So recently i’ve been feeling really self-critical and extremely anti-me. About a week ago i realized a local bar was having their monthly goth night and i got a little pep out of the idea. On a local Discord server, this really cool chick said she was gonna go, and my wife and i were also planning on going (until she felt under the weather and stayed home), and all of us were broke, so i figured i’ll get a few big beers at the supermarket, and we’ll meet up in the parking lot and just pregame before going in.
It ended up being a whole lot of fun (for me, anyway). She brought (IIRC, the night is a bit fuzzier now) her roommate and her (roommate’s) partner, and they were hella cool and nice and fun, and i even danced while terrifically drunk without falling over, despite wearing heeled platform boots. Great, right?!
But the next day happened.
Here’s how bipolar works: some days are dreary, and then at some point you realize that you’re fun to be around, you’re pretty smart and funny, and you’re still fairly attractive despite your advanced age (that huge beer gut really isn’t that noticeable if you wear the right top), and you’re a fairly likeable person, so you treat yourself to some fun, and — after many years of avoiding people (oh i also have Avoidant Personality Disorder) — you might even awkwardly try to make some new friends in the process of being pretty fun to be around. And then the mania ends, and you realize that no, actually, you’re not at all fun or smart or attractive or witty, you’re actually fairly well the opposite of those things. That really nice self-perception gives way to the terrible reality that you’re actually just a fake-ass try-hard poseur dipshit loser. Toss in some alcohol, and you might not even remember what you probably did, but you’re sure as hell that you’d be absolutely mortified if you could.
So i thought i’d try to be friendly and make friends — oh geez you just have no idea how unbelievably cool this gal is, she’s just the bee’s leg joints, i ain’t kidding, i’d die to actually be IRL friends with her, she’s so sweet and funny and cute and smart and brave, and so helpful; she’s just a lovely human being — and then you spend way too much money and things kinda crash, and now you’re so broke you’re not sure how you’re going to eat or get around for the next couple of weeks (work’s been drying up as well), and the next day you strongly suspect your imagined “charm” was all a bipolar mirage, and really you were just a twitchy, insufferable dork, and… you get The Message. The Universe says, “oh hahaha no no no no no. No. You can’t do that. What a stupid idea; don’t you ever think you could do that again, you stupid twerp. You deserve no such happiness.”
I’ve quit the local Discord servers. This seems to be a thing i keep doing. I’m embarrassed to show up anywhere people might associate my handle with atrocious behavior or excessive stupidity. Also i’m deleting messages i posted, even DMs. I’ve said goodbye to Instagram, which i really only wanted to keep a presence on for promoting my awful music anyway. Shaving, grooming, and makeup have become quaint things of the past. Already my old beard is filling in. It’s so easy to give up. I’ve tried so hard for so long. It’s almost as exhausting to be me, always losing, as it must be to witness me being me. I feel so awful for other people.
some random notes as i narcissistically learn more about myself:
- i’m bi – so i’m not queer enough to be LGBTQIA+ (other bi people are, though)
- i’m non-binary – so i’m not trans enough to be transgender (other enbies are, though)
- i’m too old now to ever be able to be beautiful (other people my age — like my wife! — are actually genuinely gorgeous, though)

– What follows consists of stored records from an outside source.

(* For $w\in\Sigma^*$ the following are equivalent: (i) $w$ contains no letter square; (ii) every scattered factor $u$ of $w$ with $|C(w,u)|=1$ has exactly one embedding in $w$.
   Context: A letter square of $w$ is a factor $\mathtt{a}\mathtt{a}$ of $w$ for some letter $\mathtt{a}\in\Sigma$. An embedding of $u$ in $w$ is a map $e:\{1,\dots,|u|\}\to\{1,\dots,|w|\}$ with $e(1)<\dots<e(|u|)$ and $u[i]=w[e(i)]$. The shuffle $\mathrm{Sh}(u,v)$ is the set of words of length $|u|+|v|$ admitting an embedding of $u$ and one of $v$ with disjoint images covering all positions, and $C(w,u)=\{v\in\Sigma^{|w|-|u|}: w\in\mathrm{Sh}(u,v)\}$. *)

theory Defs
  imports Main "HOL-Library.Sublist"
begin

text \<open>Words are lists over the alphabet type 'a. Positions are 0-indexed.
An embedding of u in w is represented by the list of its images
e = [e(1),...,e(|u|)] (shifted to 0-based positions).\<close>

definition is_embedding :: "'a list \<Rightarrow> 'a list \<Rightarrow> nat list \<Rightarrow> bool" where
  "is_embedding u w e \<longleftrightarrow>
     length e = length u \<and> sorted_wrt (<) e \<and>
     (\<forall>i<length u. e ! i < length w \<and> u ! i = w ! (e ! i))"

definition embeddings :: "'a list \<Rightarrow> 'a list \<Rightarrow> nat list set" where
  "embeddings u w = {e. is_embedding u w e}"

definition scattered_factor :: "'a list \<Rightarrow> 'a list \<Rightarrow> bool" where
  "scattered_factor u w \<longleftrightarrow> embeddings u w \<noteq> {}"

definition shuffle_set :: "'a list \<Rightarrow> 'a list \<Rightarrow> 'a list set" where
  "shuffle_set u v = {w. length w = length u + length v \<and>
     (\<exists>e f. is_embedding u w e \<and> is_embedding v w f \<and>
            set e \<inter> set f = {} \<and> set e \<union> set f = {..<length w})}"

definition Cset :: "'a list \<Rightarrow> 'a list \<Rightarrow> 'a list set" where
  "Cset w u = {v. length v = length w - length u \<and> w \<in> shuffle_set u v}"

definition has_letter_square :: "'a list \<Rightarrow> bool" where
  "has_letter_square w \<longleftrightarrow> (\<exists>a. sublist [a, a] w)"

end

theory Submission
  imports Defs "HOL-Library.Multiset"
begin

text \<open>The letters of w missed by an embedding e of u, i.e. the word nths w (- set e), form an
element of C(w,u). If w contains a letter square aa, deleting either a gives two embeddings of the
same u, while C(w,u) = {a} by counting letters. Conversely, let two embeddings of u first differ at
position k, say e'(k) = p < q = e(k). Moving the k-th position of e down to p gives a third
embedding; if its complement equals that of e, comparing the two complements at the first position
where they can differ shows w[p] = w[p+1].\<close>

lemma is_embedding_iff:
  "is_embedding u w e \<longleftrightarrow> sorted_wrt (<) e \<and> set e \<subseteq> {..<length w} \<and> u = map ((!) w) e"
  unfolding is_embedding_def by (auto simp: in_set_conv_nth subset_iff intro!: nth_equalityI) blast

lemma nths_cong:
  assumes "\<And>i. i < length xs \<Longrightarrow> i \<in> A \<longleftrightarrow> i \<in> B"
  shows "nths xs A = nths xs B"
  unfolding nths_def using assms by (intro arg_cong[of _ _ "map fst"] filter_cong) (auto simp: set_zip)

lemma nths_eq_map_nth_filter:
  "nths w A = map ((!) w) (filter (\<lambda>i. i \<in> A) [0..<length w])"
proof -
  have "nths w A = map ((!) w) (nths [0..<length w] A)"
    by (metis map_nth nths_map)
  also have "nths [0..<length w] A = filter (\<lambda>i. i \<in> A) [0..<length w]"
    unfolding filter_eq_nths by (rule nths_cong) simp
  finally show ?thesis .
qed

lemma complement_in_Cset:
  assumes "is_embedding u w e"
  shows "nths w (- set e) \<in> Cset w u"
proof -
  define f where "f = filter (\<lambda>i. i \<notin> set e) [0..<length w]"
  have e: "sorted_wrt (<) e" "set e \<subseteq> {..<length w}" "u = map ((!) w) e"
    using assms by (simp_all add: is_embedding_iff)
  have v: "nths w (- set e) = map ((!) w) f"
    by (simp add: nths_eq_map_nth_filter f_def)
  have set_f: "set f = {..<length w} - set e"
    by (auto simp: f_def)
  have "is_embedding (nths w (- set e)) w f"
    unfolding is_embedding_iff v set_f by (simp add: f_def sorted_wrt_filter)
  moreover have "length f = length w - length u"
  proof -
    have "length f = card ({..<length w} - set e)"
      by (metis set_f distinct_card distinct_filter distinct_upt f_def)
    also have "\<dots> = length w - length u"
      using e by (simp add: card_Diff_subset distinct_card strict_sorted_iff)
    finally show ?thesis .
  qed
  moreover have "length u \<le> length w"
    using e card_mono[OF _ e(2)] by (simp add: distinct_card strict_sorted_iff)
  ultimately show ?thesis
    unfolding Cset_def shuffle_set_def using assms set_f e(2) v by auto
qed

lemma nth_eq_Suc_if_nths_complements_eq:
  assumes "Suc p < length w" "p \<notin> E" "p \<in> F" "Suc p \<notin> F"
    and "\<And>i. i < p \<Longrightarrow> i \<in> E \<longleftrightarrow> i \<in> F"
    and "nths w (- E) = nths w (- F)"
  shows "w ! p = w ! Suc p"
proof -
  define xs ys where "xs = take p w" and "ys = drop (Suc (Suc p)) w"
  have w: "w = xs @ w ! p # w ! Suc p # ys"
    using assms(1) by (simp add: xs_def ys_def Cons_nth_drop_Suc)
  have len: "length xs = p"
    using assms(1) by (simp add: xs_def)
  have "nths xs (- E) = nths xs (- F)"
    using assms(5) len by (intro nths_cong) auto
  moreover have "nths w (- E) = nths xs (- E) @ w ! p # nths (w ! Suc p # ys) {j. Suc j + p \<in> - E}"
    using assms(2) len by (subst w) (simp add: nths_append nths_Cons)
  moreover have "nths w (- F) = nths xs (- F) @ w ! Suc p # nths ys {j. Suc (Suc j) + p \<in> - F}"
    using assms(3,4) len by (subst w) (simp add: nths_append nths_Cons)
  ultimately show ?thesis
    using assms(6) by simp
qed

lemma has_letter_squareI:
  assumes "Suc p < length w" "w ! p = w ! Suc p"
  shows "has_letter_square w"
proof -
  have "w = take p w @ [w ! p, w ! Suc p] @ drop (Suc (Suc p)) w"
    using assms(1) by (simp add: Cons_nth_drop_Suc)
  then show ?thesis
    unfolding has_letter_square_def sublist_def using assms(2) by metis
qed

lemma is_embedding_shift_left:
  assumes "is_embedding u w (xs @ q # ys)" "is_embedding u w (xs @ p # zs)" "p < q"
  shows "is_embedding u w (xs @ p # ys)"
proof -
  have "length zs = length ys" and "w ! p = w ! q"
    using assms(1,2) unfolding is_embedding_iff by (auto dest: arg_cong[of _ _ length])
  then show ?thesis
    using assms unfolding is_embedding_iff by (auto simp: sorted_wrt_append)
qed

lemma has_letter_square_if_shift_keeps_complement:
  assumes "is_embedding u w (xs @ q # ys)" "is_embedding u w (xs @ p # zs)" "p < q"
    and "nths w (- set (xs @ q # ys)) = nths w (- set (xs @ p # ys))"
  shows "has_letter_square w"
proof -
  have sorted: "\<forall>x\<in>set xs. x < p" "\<forall>y\<in>set ys. q < y" "q < length w"
    using assms(1,2) unfolding is_embedding_iff by (auto simp: sorted_wrt_append)
  have "w ! p = w ! Suc p"
    using sorted assms(3)
    by (intro nth_eq_Suc_if_nths_complements_eq[OF _ _ _ _ _ assms(4)]) auto
  then show ?thesis
    using sorted assms(3) by (intro has_letter_squareI[of p]) auto
qed

lemma has_letter_square_if_complements_agree:
  assumes "e \<in> embeddings u w" "e' \<in> embeddings u w" "e \<noteq> e'"
    and "\<And>g. g \<in> embeddings u w \<Longrightarrow> nths w (- set g) = c"
  shows "has_letter_square w"
proof -
  have shift: "has_letter_square w"
    if "is_embedding u w (xs @ q # ys)" "is_embedding u w (xs @ p # zs)" "p < q" for xs p q ys zs
  proof (rule has_letter_square_if_shift_keeps_complement[OF that])
    have "is_embedding u w (xs @ p # ys)"
      by (rule is_embedding_shift_left[OF that])
    with that(1) show "nths w (- set (xs @ q # ys)) = nths w (- set (xs @ p # ys))"
      by (metis assms(4) embeddings_def mem_Collect_eq)
  qed
  obtain xs d d' where d: "e = xs @ d" "e' = xs @ d'" "d = [] \<or> d' = [] \<or> hd d \<noteq> hd d'"
    using longest_common_prefix by blast
  have "length e = length e'"
    using assms(1,2) by (simp add: embeddings_def is_embedding_def)
  with d assms(3) obtain q ys p zs where "d = q # ys" "d' = p # zs" "q \<noteq> p"
    by (cases d; cases d') auto
  with d assms(1,2) show ?thesis
    by (cases "p < q") (auto intro: shift simp: embeddings_def)
qed

lemma mset_shuffle_set:
  assumes "w \<in> shuffle_set u v"
  shows "mset w = mset u + mset v"
proof -
  obtain e f where e: "is_embedding u w e" and f: "is_embedding v w f"
    and disj: "set e \<inter> set f = {}" and cover: "set e \<union> set f = {..<length w}"
    using assms unfolding shuffle_set_def by blast
  have "mset e + mset f = mset [0..<length w]"
    using e f disj cover
    by (simp add: is_embedding_iff strict_sorted_iff flip: mset_set_set mset_set_Union lessThan_atLeast0)
  then have "image_mset ((!) w) (mset e + mset f) = mset w"
    by (metis map_nth mset_map)
  then show ?thesis
    using e f by (simp add: is_embedding_iff)
qed

lemma is_embedding_delete_position:
  assumes "j < length w"
  shows "is_embedding (take j w @ drop (Suc j) w) w ([0..<j] @ [Suc j..<length w])"
  using assms by (auto simp: is_embedding_iff sorted_wrt_append intro!: nth_equalityI)

lemma embeddings_across_letter_square:
  obtains e e' where "e \<in> embeddings (xs @ a # ys) (xs @ a # a # ys)"
    "e' \<in> embeddings (xs @ a # ys) (xs @ a # a # ys)" "e \<noteq> e'"
proof -
  let ?w = "xs @ a # a # ys" and ?p = "length xs"
  have "is_embedding (xs @ a # ys) ?w ([0..<?p] @ [Suc ?p..<length ?w])"
    using is_embedding_delete_position[of ?p ?w] by simp
  moreover have "is_embedding (xs @ a # ys) ?w ([0..<Suc ?p] @ [Suc (Suc ?p)..<length ?w])"
    using is_embedding_delete_position[of "Suc ?p" ?w] by simp
  moreover have "[0..<?p] @ [Suc ?p..<length ?w] \<noteq> [0..<Suc ?p] @ [Suc (Suc ?p)..<length ?w]"
  proof -
    have "?p \<notin> set ([0..<?p] @ [Suc ?p..<length ?w])"
      and "?p \<in> set ([0..<Suc ?p] @ [Suc (Suc ?p)..<length ?w])"
      by auto
    then show ?thesis
      by metis
  qed
  ultimately show ?thesis
    using that by (simp add: embeddings_def)
qed

lemma Cset_across_letter_square: "Cset (xs @ a # a # ys) (xs @ a # ys) = {[a]}"
proof -
  obtain e where "e \<in> embeddings (xs @ a # ys) (xs @ a # a # ys)"
    using embeddings_across_letter_square by metis
  then have "Cset (xs @ a # a # ys) (xs @ a # ys) \<noteq> {}"
    using complement_in_Cset by (fastforce simp: embeddings_def)
  moreover have "v = [a]" if "v \<in> Cset (xs @ a # a # ys) (xs @ a # ys)" for v
  proof -
    have "mset (xs @ a # a # ys) = mset (xs @ a # ys) + mset v"
      using that mset_shuffle_set unfolding Cset_def by blast
    then have "mset v = {#a#}"
      by simp
    then show "v = [a]"
      by simp
  qed
  ultimately show ?thesis
    by blast
qed

lemma card_embeddings_eq_1_if_square_free:
  assumes "\<not> has_letter_square w" "scattered_factor u w" "card (Cset w u) = 1"
  shows "card (embeddings u w) = 1"
proof -
  obtain c e where C: "Cset w u = {c}" and e: "e \<in> embeddings u w"
    using assms(2,3) by (auto simp: scattered_factor_def card_1_singleton_iff)
  have "nths w (- set g) = c" if "g \<in> embeddings u w" for g
    using complement_in_Cset[of u w g] that C by (simp add: embeddings_def)
  then have "embeddings u w = {e}"
    using e has_letter_square_if_complements_agree assms(1) by blast
  then show ?thesis
    by simp
qed

theorem proposition30:
  fixes w :: "'a list"
  shows "\<not> has_letter_square w \<longleftrightarrow>
         (\<forall>u. scattered_factor u w \<and> card (Cset w u) = 1 \<longrightarrow> card (embeddings u w) = 1)"
proof
  assume "\<not> has_letter_square w"
  then show "\<forall>u. scattered_factor u w \<and> card (Cset w u) = 1 \<longrightarrow> card (embeddings u w) = 1"
    using card_embeddings_eq_1_if_square_free by blast
next
  assume unique: "\<forall>u. scattered_factor u w \<and> card (Cset w u) = 1 \<longrightarrow> card (embeddings u w) = 1"
  show "\<not> has_letter_square w"
  proof
    assume "has_letter_square w"
    then obtain xs a ys where w: "w = xs @ a # a # ys"
      unfolding has_letter_square_def sublist_def by auto
    obtain e e' where e: "e \<in> embeddings (xs @ a # ys) w" "e' \<in> embeddings (xs @ a # ys) w" "e \<noteq> e'"
      using embeddings_across_letter_square unfolding w by metis
    moreover have "card (Cset w (xs @ a # ys)) = 1"
      by (simp add: w Cset_across_letter_square)
    ultimately have "card (embeddings (xs @ a # ys) w) = 1"
      using unique by (auto simp: scattered_factor_def)
    with e show False
      by (metis card_1_singletonE singletonD)
  qed
qed

end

- i’ve never been as smart as some people seemed to think
- i’m not very funny except on very rare occasions
- every good or cool thing i’ve ever done? it was just the mania, it wasn’t even me at all
So anyway, i’d already been thinking of ending it on or right before my birthday next week. And then something made me think of the days… see, one of my other friends measures her time in thousands of days, so i looked it up on my phone, where i have a widget counting the days since that awful first one… and 20 thousand days alive are coming up in about nine and a half months. Now i’m thinking (since i’m a fucking pussy coward anyway) i should just wait for that. Maybe that’ll give me time to get my name change in order, too. It’d be nice if nobody ever found out what happened to that old guy (as if anyone would ever care). At any rate, maybe something will happen to shake me out of the complete and absolute certitude of my feelings about my own awfulness and worthlessness. Who knows.
Oh hey i just realized this is a great place to plug my new song, which is incidentally about all of this:
I just started therapy today too, so i got into the weeds a bit about how my parents abandoned me, and boo hoo this and that, and about biker dudes killing my favorite kitten, and how i wrecked my grandparents’ marriage, and the whole horror of early childhood thing. So we’ll see how it goes.
But i guess if something different happens, maybe someday someone can stumble on this post and realize that it was gonna happen, and maybe understand a little bit more about why it happened.